* [EXERCISE INPUTS]:
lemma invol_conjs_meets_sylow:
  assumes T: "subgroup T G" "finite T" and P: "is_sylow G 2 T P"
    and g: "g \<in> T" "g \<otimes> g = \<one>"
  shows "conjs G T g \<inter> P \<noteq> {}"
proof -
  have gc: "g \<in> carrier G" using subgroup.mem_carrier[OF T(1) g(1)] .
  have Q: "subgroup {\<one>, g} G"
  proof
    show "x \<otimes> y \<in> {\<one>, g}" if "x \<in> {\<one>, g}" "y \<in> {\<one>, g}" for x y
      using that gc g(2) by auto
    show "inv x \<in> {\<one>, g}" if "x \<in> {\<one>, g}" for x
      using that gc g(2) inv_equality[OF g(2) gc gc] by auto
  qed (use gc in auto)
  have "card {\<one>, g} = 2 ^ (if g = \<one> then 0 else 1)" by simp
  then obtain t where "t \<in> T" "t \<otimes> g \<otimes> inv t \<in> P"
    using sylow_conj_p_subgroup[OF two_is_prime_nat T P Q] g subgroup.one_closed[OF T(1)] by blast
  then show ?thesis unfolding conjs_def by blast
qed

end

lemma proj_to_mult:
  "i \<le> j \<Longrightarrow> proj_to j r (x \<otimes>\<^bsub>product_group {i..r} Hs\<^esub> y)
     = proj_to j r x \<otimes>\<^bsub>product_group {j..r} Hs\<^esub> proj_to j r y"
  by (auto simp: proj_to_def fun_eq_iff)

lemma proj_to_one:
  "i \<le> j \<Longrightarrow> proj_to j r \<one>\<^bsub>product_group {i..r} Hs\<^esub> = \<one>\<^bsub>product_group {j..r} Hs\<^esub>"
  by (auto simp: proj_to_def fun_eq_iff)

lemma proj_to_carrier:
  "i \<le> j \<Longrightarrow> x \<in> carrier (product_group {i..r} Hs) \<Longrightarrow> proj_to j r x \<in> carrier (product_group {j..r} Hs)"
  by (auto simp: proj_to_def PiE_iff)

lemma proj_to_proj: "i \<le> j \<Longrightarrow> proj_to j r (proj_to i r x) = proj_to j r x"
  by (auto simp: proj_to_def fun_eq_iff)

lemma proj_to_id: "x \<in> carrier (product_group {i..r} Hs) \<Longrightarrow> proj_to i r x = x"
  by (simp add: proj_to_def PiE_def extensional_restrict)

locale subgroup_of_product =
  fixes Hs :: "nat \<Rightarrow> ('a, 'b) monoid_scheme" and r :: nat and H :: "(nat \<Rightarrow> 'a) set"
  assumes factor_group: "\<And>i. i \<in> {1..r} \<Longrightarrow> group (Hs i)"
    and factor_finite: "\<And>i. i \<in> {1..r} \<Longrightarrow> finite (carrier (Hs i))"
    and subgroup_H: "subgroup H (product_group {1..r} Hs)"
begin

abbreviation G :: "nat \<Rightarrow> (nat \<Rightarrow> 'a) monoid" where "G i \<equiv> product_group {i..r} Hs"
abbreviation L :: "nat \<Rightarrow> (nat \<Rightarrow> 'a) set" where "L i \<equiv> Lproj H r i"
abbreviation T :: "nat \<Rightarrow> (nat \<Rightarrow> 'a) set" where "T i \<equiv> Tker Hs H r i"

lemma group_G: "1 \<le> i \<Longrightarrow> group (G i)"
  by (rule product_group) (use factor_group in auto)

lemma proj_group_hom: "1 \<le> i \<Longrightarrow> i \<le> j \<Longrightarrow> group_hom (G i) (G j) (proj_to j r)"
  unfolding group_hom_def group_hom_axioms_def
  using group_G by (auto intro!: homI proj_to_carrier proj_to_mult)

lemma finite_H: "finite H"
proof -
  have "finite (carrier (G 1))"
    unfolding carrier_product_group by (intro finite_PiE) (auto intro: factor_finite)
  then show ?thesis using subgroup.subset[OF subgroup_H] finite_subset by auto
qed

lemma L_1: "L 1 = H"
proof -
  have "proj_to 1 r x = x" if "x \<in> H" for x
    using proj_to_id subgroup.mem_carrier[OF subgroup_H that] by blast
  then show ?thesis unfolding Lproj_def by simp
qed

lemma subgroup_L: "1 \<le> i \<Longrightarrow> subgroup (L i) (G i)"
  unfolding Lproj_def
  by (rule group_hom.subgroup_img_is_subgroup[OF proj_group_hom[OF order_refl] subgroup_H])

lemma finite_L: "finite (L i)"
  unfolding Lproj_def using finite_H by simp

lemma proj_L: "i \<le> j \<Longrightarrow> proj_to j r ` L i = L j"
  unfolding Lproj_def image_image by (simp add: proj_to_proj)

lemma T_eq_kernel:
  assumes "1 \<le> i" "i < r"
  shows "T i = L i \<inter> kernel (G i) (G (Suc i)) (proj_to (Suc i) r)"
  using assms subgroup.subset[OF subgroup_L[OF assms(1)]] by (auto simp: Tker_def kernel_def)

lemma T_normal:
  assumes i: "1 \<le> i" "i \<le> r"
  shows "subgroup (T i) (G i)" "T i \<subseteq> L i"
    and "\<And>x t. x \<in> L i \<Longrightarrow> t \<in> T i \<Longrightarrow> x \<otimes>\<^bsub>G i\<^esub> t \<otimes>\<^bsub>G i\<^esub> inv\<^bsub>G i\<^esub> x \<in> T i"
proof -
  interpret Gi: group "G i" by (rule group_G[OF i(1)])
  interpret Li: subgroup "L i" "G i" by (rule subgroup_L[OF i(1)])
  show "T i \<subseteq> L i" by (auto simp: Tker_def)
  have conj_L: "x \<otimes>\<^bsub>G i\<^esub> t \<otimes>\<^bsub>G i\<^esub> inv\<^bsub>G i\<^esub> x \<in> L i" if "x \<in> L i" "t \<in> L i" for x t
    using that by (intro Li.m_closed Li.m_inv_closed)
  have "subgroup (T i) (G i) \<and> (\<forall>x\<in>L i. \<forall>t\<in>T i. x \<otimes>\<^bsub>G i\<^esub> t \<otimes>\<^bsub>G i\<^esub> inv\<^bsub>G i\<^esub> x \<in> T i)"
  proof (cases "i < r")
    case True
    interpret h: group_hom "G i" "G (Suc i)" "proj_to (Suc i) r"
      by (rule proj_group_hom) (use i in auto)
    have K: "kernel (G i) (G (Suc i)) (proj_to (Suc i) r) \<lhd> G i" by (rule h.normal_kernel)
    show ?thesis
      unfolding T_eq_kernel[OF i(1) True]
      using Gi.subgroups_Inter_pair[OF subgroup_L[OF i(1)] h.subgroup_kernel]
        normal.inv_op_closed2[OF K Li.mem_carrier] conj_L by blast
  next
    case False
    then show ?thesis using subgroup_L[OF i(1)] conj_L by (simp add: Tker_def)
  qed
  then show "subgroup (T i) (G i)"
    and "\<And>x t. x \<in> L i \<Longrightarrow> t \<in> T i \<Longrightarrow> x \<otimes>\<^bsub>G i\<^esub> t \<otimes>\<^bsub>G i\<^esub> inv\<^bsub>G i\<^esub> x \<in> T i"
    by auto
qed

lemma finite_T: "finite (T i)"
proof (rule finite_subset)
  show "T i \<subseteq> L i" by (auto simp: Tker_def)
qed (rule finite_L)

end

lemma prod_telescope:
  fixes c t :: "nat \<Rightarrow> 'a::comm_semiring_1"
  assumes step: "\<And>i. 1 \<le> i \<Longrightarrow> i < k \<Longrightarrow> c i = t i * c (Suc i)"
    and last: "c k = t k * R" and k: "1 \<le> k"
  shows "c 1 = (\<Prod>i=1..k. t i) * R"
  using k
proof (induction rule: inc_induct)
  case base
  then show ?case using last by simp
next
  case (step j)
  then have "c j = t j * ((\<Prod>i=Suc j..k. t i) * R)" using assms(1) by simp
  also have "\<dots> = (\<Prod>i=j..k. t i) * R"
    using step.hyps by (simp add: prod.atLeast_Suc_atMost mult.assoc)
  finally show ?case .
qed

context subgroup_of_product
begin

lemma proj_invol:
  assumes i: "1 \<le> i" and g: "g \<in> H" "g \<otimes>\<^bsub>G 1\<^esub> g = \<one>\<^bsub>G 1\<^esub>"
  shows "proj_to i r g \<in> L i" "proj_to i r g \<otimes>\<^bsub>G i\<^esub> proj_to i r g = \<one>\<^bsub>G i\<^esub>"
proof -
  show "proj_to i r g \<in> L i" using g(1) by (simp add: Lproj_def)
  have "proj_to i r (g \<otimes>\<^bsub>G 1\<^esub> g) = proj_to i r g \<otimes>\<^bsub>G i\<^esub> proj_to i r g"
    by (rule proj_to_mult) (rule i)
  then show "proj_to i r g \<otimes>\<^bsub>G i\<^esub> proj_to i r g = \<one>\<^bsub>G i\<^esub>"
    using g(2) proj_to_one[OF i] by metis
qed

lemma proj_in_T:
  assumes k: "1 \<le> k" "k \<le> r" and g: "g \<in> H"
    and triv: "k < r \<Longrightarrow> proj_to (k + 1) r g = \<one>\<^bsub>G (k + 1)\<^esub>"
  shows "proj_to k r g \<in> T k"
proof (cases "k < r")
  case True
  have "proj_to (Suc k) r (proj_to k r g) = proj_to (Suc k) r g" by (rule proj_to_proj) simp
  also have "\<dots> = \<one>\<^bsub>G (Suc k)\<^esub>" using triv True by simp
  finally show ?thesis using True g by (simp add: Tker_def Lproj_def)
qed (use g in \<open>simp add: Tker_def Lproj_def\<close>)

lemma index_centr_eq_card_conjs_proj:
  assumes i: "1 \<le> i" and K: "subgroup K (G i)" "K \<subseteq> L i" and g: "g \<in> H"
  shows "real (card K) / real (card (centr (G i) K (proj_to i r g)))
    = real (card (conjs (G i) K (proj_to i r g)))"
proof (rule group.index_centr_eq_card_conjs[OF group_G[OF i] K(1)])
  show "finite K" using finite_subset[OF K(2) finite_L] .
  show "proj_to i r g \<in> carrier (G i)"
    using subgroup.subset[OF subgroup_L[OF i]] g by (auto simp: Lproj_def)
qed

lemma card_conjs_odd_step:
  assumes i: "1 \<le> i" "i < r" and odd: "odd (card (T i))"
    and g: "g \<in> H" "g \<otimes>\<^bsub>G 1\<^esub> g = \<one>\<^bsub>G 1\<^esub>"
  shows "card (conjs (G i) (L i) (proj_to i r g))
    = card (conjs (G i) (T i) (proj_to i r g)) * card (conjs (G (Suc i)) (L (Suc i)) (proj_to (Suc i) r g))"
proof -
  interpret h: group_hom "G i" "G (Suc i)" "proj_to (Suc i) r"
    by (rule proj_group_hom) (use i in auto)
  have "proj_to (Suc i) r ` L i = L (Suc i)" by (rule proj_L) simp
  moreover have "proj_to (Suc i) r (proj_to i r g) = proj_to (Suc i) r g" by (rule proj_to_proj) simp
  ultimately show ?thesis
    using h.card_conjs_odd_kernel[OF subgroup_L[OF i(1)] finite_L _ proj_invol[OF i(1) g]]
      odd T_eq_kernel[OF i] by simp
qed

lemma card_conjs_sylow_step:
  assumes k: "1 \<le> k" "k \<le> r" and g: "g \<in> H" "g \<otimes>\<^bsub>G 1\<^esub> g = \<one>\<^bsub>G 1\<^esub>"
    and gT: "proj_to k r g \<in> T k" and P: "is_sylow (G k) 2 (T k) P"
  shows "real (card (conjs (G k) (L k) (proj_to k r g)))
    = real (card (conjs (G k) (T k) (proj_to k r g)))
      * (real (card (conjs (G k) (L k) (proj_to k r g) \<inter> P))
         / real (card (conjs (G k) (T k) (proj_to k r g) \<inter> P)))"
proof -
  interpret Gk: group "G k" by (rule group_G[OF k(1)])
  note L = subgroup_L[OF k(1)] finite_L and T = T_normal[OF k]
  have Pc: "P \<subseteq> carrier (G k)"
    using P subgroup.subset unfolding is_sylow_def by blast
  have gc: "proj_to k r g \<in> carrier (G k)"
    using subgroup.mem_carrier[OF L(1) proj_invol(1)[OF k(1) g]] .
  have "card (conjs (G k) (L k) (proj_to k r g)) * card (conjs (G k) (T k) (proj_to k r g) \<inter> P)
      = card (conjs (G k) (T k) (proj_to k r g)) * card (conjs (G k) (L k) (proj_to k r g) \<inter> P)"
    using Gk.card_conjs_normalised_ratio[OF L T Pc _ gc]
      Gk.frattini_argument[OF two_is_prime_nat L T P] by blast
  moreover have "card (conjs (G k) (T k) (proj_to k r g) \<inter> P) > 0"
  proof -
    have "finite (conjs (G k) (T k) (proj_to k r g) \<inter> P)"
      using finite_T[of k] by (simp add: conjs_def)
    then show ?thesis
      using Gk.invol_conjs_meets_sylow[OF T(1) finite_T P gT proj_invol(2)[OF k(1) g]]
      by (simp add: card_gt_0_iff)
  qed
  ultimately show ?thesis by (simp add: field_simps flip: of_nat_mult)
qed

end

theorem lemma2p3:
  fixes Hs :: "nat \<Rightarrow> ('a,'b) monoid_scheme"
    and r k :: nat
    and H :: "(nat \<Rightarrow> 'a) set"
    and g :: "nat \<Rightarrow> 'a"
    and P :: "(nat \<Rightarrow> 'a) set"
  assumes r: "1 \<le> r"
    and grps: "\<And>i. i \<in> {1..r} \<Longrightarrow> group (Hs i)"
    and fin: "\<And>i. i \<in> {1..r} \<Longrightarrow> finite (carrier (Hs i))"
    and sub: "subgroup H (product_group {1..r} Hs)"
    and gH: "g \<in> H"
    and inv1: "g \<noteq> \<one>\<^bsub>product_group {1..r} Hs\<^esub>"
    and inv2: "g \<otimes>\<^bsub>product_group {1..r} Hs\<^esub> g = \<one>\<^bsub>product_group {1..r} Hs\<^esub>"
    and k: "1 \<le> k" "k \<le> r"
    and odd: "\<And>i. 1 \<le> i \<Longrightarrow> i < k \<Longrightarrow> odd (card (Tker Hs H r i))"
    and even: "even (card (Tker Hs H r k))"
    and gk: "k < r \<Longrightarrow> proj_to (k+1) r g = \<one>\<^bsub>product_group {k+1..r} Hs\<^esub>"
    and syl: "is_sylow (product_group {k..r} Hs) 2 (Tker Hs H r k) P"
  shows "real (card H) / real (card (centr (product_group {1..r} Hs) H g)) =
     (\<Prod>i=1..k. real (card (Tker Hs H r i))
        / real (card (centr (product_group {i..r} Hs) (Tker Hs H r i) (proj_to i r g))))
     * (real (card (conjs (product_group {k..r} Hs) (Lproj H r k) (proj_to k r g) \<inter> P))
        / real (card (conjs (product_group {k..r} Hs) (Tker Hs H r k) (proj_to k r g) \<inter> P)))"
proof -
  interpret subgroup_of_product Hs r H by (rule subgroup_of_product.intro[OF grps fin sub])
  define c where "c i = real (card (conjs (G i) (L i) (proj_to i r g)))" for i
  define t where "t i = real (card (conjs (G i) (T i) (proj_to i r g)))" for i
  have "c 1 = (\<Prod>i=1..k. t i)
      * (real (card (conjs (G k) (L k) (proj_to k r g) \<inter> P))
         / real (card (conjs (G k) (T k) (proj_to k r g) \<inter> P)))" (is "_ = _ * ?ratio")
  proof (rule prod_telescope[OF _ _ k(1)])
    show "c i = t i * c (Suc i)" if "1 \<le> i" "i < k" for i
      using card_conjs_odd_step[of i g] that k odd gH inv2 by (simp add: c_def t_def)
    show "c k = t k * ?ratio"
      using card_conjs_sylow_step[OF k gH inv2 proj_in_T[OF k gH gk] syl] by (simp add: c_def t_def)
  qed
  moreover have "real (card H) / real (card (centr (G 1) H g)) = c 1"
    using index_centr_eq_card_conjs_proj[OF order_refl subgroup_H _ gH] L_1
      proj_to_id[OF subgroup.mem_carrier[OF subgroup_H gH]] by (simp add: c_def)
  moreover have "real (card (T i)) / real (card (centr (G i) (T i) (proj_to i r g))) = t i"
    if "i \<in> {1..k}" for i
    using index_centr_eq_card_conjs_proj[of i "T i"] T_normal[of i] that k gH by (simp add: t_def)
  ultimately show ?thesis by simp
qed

* [THE TASK]:
Retype, exactly as written, everything from the first line of the data above through the line containing "then 0 else". Nothing else should appear.

* [PROBLEM SOLUTION]:
lemma invol_conjs_meets_sylow:
  assumes T: "subgroup T G" "finite T" and P: "is_sylow G 2 T P"
    and g: "g \<in> T" "g \<otimes> g = \<one>"
  shows "conjs G T g \<inter> P \<noteq> {}"
proof -
  have gc: "g \<in> carrier G" using subgroup.mem_carrier[OF T(1) g(1)] .
  have Q: "subgroup {\<one>, g} G"
  proof
    show "x \<otimes> y \<in> {\<one>, g}" if "x \<in> {\<one>, g}" "y \<in> {\<one>, g}" for x y
      using that gc g(2) by auto
    show "inv x \<in> {\<one>, g}" if "x \<in> {\<one>, g}" for x
      using that gc g(2) inv_equality[OF g(2) gc gc] by auto
  qed (use gc in auto)
  have "card {\<one>, g} = 2 ^ (if g = \<one> then 0 else 1)" by simp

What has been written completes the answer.